lemma psd_smult:
  assumes "psd n A" "0 \<le> c"
  shows "psd n (c \<cdot>\<^sub>m A)"
proof -
  have "A \<in> carrier_mat n n" using assms(1) by (simp add: psd_def)
  then have "quad_form {..<n} (\<lambda>i j. (c \<cdot>\<^sub>m A) $$ (i,j)) v = c * quad_form {..<n} (\<lambda>i j. A $$ (i,j)) v" for v
    unfolding quad_form_def by (simp add: sum_distrib_left algebra_simps)
  then show ?thesis
    using assms by (simp add: psd_iff_quad_form)
qed

lemma psd_conj:
  assumes "psd n A" "K \<in> carrier_mat d n"
  shows "psd d (K * A * adj K)"
proof -
  have A: "A \<in> carrier_mat n n" using assms(1) by (simp add: psd_def)
  have "quad_form {..<d} (\<lambda>i j. (K * A * adj K) $$ (i,j)) v
      = quad_form {..<n} (\<lambda>i j. A $$ (i,j)) (\<lambda>l. \<Sum>j<d. cnj (K $$ (j,l)) * v j)" for v
  proof -
    have "quad_form {..<d} (\<lambda>i j. (K * A * adj K) $$ (i,j)) v
        = quad_form {..<d} (\<lambda>i j. \<Sum>k<n. \<Sum>l<n. K $$ (i,k) * A $$ (k,l) * cnj (K $$ (j,l))) v"
      unfolding quad_form_def by (simp add: index_conj_mat[OF assms(2) A])
    then show ?thesis by (simp add: quad_form_congruence)
  qed
  moreover have "K * A * adj K \<in> carrier_mat d d"
    using assms(2) A by (meson adj_carrier_mat mult_carrier_mat)
  ultimately show ?thesis
    using assms(1) by (simp add: psd_iff_quad_form)
qed

lemma psd_qop:
  assumes "psd n A" "\<And>K. K \<in> set Ks \<Longrightarrow> K \<in> carrier_mat d n"
  shows "psd d (qop d Ks A)"
  unfolding qop_def using assms by (auto intro!: psd_mlsum psd_conj)

text \<open>A Gram factorization \<open>B = (\<Sum>m. b\<^sub>m b\<^sub>m\<^sup>*)\<close> turns the Kronecker product into a quantum operation
  with Kraus operators \<open>1 \<otimes> b\<^sub>m\<close>, where \<open>b\<^sub>m\<close> is read as a column.\<close>

lemma kron_eq_qop:
  assumes "A \<in> carrier_mat d1 d1" "B \<in> carrier_mat d2 d2"
    and "\<And>i j. i < d2 \<Longrightarrow> j < d2 \<Longrightarrow> B $$ (i,j) = (\<Sum>m<d2. b m i * cnj (b m j))"
  shows "kron A B = qop (d1 * d2) (map (\<lambda>m. kron (1\<^sub>m d1) (mat d2 1 (\<lambda>(i,_). b m i))) [0..<d2]) A"
    (is "_ = qop _ (map ?K _) A")
proof (rule eq_matI)
  fix i j assume "i < dim_row (qop (d1 * d2) (map ?K [0..<d2]) A)" "j < dim_col (qop (d1 * d2) (map ?K [0..<d2]) A)"
  then have ij: "i < d1 * d2" "j < d1 * d2" by (simp_all add: qop_def)
  note lt = div_mod_less_of_less_mult[OF ij(1)] div_mod_less_of_less_mult[OF ij(2)]
  have K: "?K m \<in> carrier_mat (d1 * d2) d1" for m
    by (simp add: kron_def)
  have Kmat: "?K m = mat (d1 * d2) d1 (\<lambda>(i,k). if k = i div d2 then b m (i mod d2) else 0)" for m
    by (intro eq_matI) (auto simp: kron_def dest: div_mod_less_of_less_mult)
  have "(?K m * A * adj (?K m)) $$ (i,j) = b m (i mod d2) * A $$ (i div d2, j div d2) * cnj (b m (j mod d2))" for m
    unfolding index_conj_mat[OF K assms(1) ij] unfolding Kmat using ij lt
    by (simp add: if_distrib[of "\<lambda>x. x * _"] if_distrib[of cnj] if_distrib[of "\<lambda>x. _ * x"] cong: if_cong)
  then show "kron A B $$ (i,j) = qop (d1 * d2) (map ?K [0..<d2]) A $$ (i,j)"
    using ij lt assms
    by (simp add: index_qop kron_def interv_sum_list_conv_sum_set_nat lessThan_atLeast0 sum_distrib_left algebra_simps)
qed (use assms(1,2) in \<open>simp_all add: kron_def qop_def\<close>)

lemma psd_kron:
  assumes "psd d1 A" "psd d2 B"
  shows "psd (d1 * d2) (kron A B)"
proof -
  obtain b where "\<And>i j. i < d2 \<Longrightarrow> j < d2 \<Longrightarrow> B $$ (i,j) = (\<Sum>m<d2. b m i * cnj (b m j))"
    using psd_gram[OF assms(2)] by blast
  then have "kron A B = qop (d1 * d2) (map (\<lambda>m. kron (1\<^sub>m d1) (mat d2 1 (\<lambda>(i,_). b m i))) [0..<d2]) A"
    using assms by (intro kron_eq_qop) (simp_all add: psd_def)
  then show ?thesis
    using assms(1) by (auto intro!: psd_qop simp: kron_def)
qed

section \<open>Matrix sums over assignments\<close>

lemma sum_sum_list_swap: "(\<Sum>x\<in>I. \<Sum>t\<leftarrow>ts. f t x) = (\<Sum>t\<leftarrow>ts. \<Sum>x\<in>I. f t x)"
  by (induction ts) (simp_all add: sum.distrib)

lemma msum_cong: "(\<And>x. x \<in> I \<Longrightarrow> M x = M' x) \<Longrightarrow> msum d d' M I = msum d d' M' I"
  by (simp add: msum_def)

lemma msum_reindex:
  assumes "bij_betw h I J"
  shows "msum d d' (\<lambda>x. M (h x)) I = msum d d' M J"
  unfolding msum_def by (simp add: sum.reindex_bij_betw[OF assms, symmetric])

lemma msum_smult:
  assumes "\<And>x. x \<in> I \<Longrightarrow> M x \<in> carrier_mat d d'"
  shows "msum d d' (\<lambda>x. c \<cdot>\<^sub>m M x) I = c \<cdot>\<^sub>m msum d d' M I"
  using assms[THEN carrier_matD(1)] assms[THEN carrier_matD(2)]
  by (intro eq_matI) (auto simp: index_msum sum_distrib_left intro!: sum.cong)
★ ★ ★
What the task asks: Reproduce the preceding records exactly and completely.

Task solution:
lemma psd_smult:
  assumes "psd n A" "0 \<le> c"
  shows "psd n (c \<cdot>\<^sub>m A)"
proof -
  have "A \<in> carrier_mat n n" using assms(1) by (simp add: psd_def)
  then have "quad_form {..<n} (\<lambda>i j. (c \<cdot>\<^sub>m A) $$ (i,j)) v = c * quad_form {..<n} (\<lambda>i j. A $$ (i,j)) v" for v
    unfolding quad_form_def by (simp add: sum_distrib_left algebra_simps)
  then show ?thesis
    using assms by (simp add: psd_iff_quad_form)
qed

lemma psd_conj:
  assumes "psd n A" "K \<in> carrier_mat d n"
  shows "psd d (K * A * adj K)"
proof -
  have A: "A \<in> carrier_mat n n" using assms(1) by (simp add: psd_def)
  have "quad_form {..<d} (\<lambda>i j. (K * A * adj K) $$ (i,j)) v
      = quad_form {..<n} (\<lambda>i j. A $$ (i,j)) (\<lambda>l. \<Sum>j<d. cnj (K $$ (j,l)) * v j)" for v
  proof -
    have "quad_form {..<d} (\<lambda>i j. (K * A * adj K) $$ (i,j)) v
        = quad_form {..<d} (\<lambda>i j. \<Sum>k<n. \<Sum>l<n. K $$ (i,k) * A $$ (k,l) * cnj (K $$ (j,l))) v"
      unfolding quad_form_def by (simp add: index_conj_mat[OF assms(2) A])
    then show ?thesis by (simp add: quad_form_congruence)
  qed
  moreover have "K * A * adj K \<in> carrier_mat d d"
    using assms(2) A by (meson adj_carrier_mat mult_carrier_mat)
  ultimately show ?thesis
    using assms(1) by (simp add: psd_iff_quad_form)
qed

lemma psd_qop:
  assumes "psd n A" "\<And>K. K \<in> set Ks \<Longrightarrow> K \<in> carrier_mat d n"
  shows "psd d (qop d Ks A)"
  unfolding qop_def using assms by (auto intro!: psd_mlsum psd_conj)

text \<open>A Gram factorization \<open>B = (\<Sum>m. b\<^sub>m b\<^sub>m\<^sup>*)\<close> turns the Kronecker product into a quantum operation
  with Kraus operators \<open>1 \<otimes> b\<^sub>m\<close>, where \<open>b\<^sub>m\<close> is read as a column.\<close>

lemma kron_eq_qop:
  assumes "A \<in> carrier_mat d1 d1" "B \<in> carrier_mat d2 d2"
    and "\<And>i j. i < d2 \<Longrightarrow> j < d2 \<Longrightarrow> B $$ (i,j) = (\<Sum>m<d2. b m i * cnj (b m j))"
  shows "kron A B = qop (d1 * d2) (map (\<lambda>m. kron (1\<^sub>m d1) (mat d2 1 (\<lambda>(i,_). b m i))) [0..<d2]) A"
    (is "_ = qop _ (map ?K _) A")
proof (rule eq_matI)
  fix i j assume "i < dim_row (qop (d1 * d2) (map ?K [0..<d2]) A)" "j < dim_col (qop (d1 * d2) (map ?K [0..<d2]) A)"
  then have ij: "i < d1 * d2" "j < d1 * d2" by (simp_all add: qop_def)
  note lt = div_mod_less_of_less_mult[OF ij(1)] div_mod_less_of_less_mult[OF ij(2)]
  have K: "?K m \<in> carrier_mat (d1 * d2) d1" for m
    by (simp add: kron_def)
  have Kmat: "?K m = mat (d1 * d2) d1 (\<lambda>(i,k). if k = i div d2 then b m (i mod d2) else 0)" for m
    by (intro eq_matI) (auto simp: kron_def dest: div_mod_less_of_less_mult)
  have "(?K m * A * adj (?K m)) $$ (i,j) = b m (i mod d2) * A $$ (i div d2, j div d2) * cnj (b m (j mod d2))" for m
    unfolding index_conj_mat[OF K assms(1) ij] unfolding Kmat using ij lt
    by (simp add: if_distrib[of "\<lambda>x. x * _"] if_distrib[of cnj] if_distrib[of "\<lambda>x. _ * x"] cong: if_cong)
  then show "kron A B $$ (i,j) = qop (d1 * d2) (map ?K [0..<d2]) A $$ (i,j)"
    using ij lt assms
    by (simp add: index_qop kron_def interv_sum_list_conv_sum_set_nat lessThan_atLeast0 sum_distrib_left algebra_simps)
qed (use assms(1,2) in \<open>simp_all add: kron_def qop_def\<close>)

lemma psd_kron:
  assumes "psd d1 A" "psd d2 B"
  shows "psd (d1 * d2) (kron A B)"
proof -
  obtain b where "\<And>i j. i < d2 \<Longrightarrow> j < d2 \<Longrightarrow> B $$ (i,j) = (\<Sum>m<d2. b m i * cnj (b m j))"
    using psd_gram[OF assms(2)] by blast
  then have "kron A B = qop (d1 * d2) (map (\<lambda>m. kron (1\<^sub>m d1) (mat d2 1 (\<lambda>(i,_). b m i))) [0..<d2]) A"
    using assms by (intro kron_eq_qop) (simp_all add: psd_def)
  then show ?thesis
    using assms(1) by (auto intro!: psd_qop simp: kron_def)
qed

section \<open>Matrix sums over assignments\<close>

lemma sum_sum_list_swap: "(\<Sum>x\<in>I. \<Sum>t\<leftarrow>ts. f t x) = (\<Sum>t\<leftarrow>ts. \<Sum>x\<in>I. f t x)"
  by (induction ts) (simp_all add: sum.distrib)

lemma msum_cong: "(\<And>x. x \<in> I \<Longrightarrow> M x = M' x) \<Longrightarrow> msum d d' M I = msum d d' M' I"
  by (simp add: msum_def)

lemma msum_reindex:
  assumes "bij_betw h I J"
  shows "msum d d' (\<lambda>x. M (h x)) I = msum d d' M J"
  unfolding msum_def by (simp add: sum.reindex_bij_betw[OF assms, symmetric])

lemma msum_smult:
  assumes "\<And>x. x \<in> I \<Longrightarrow> M x \<in> carrier_mat d d'"
  shows "msum d d' (\<lambda>x. c \<cdot>\<^sub>m M x) I = c \<cdot>\<^sub>m msum d d' M I"
  using assms[THEN carrier_matD(1)] assms[THEN carrier_matD(2)]
  by (intro eq_matI) (auto simp: index_msum sum_distrib_left intro!: sum.cong)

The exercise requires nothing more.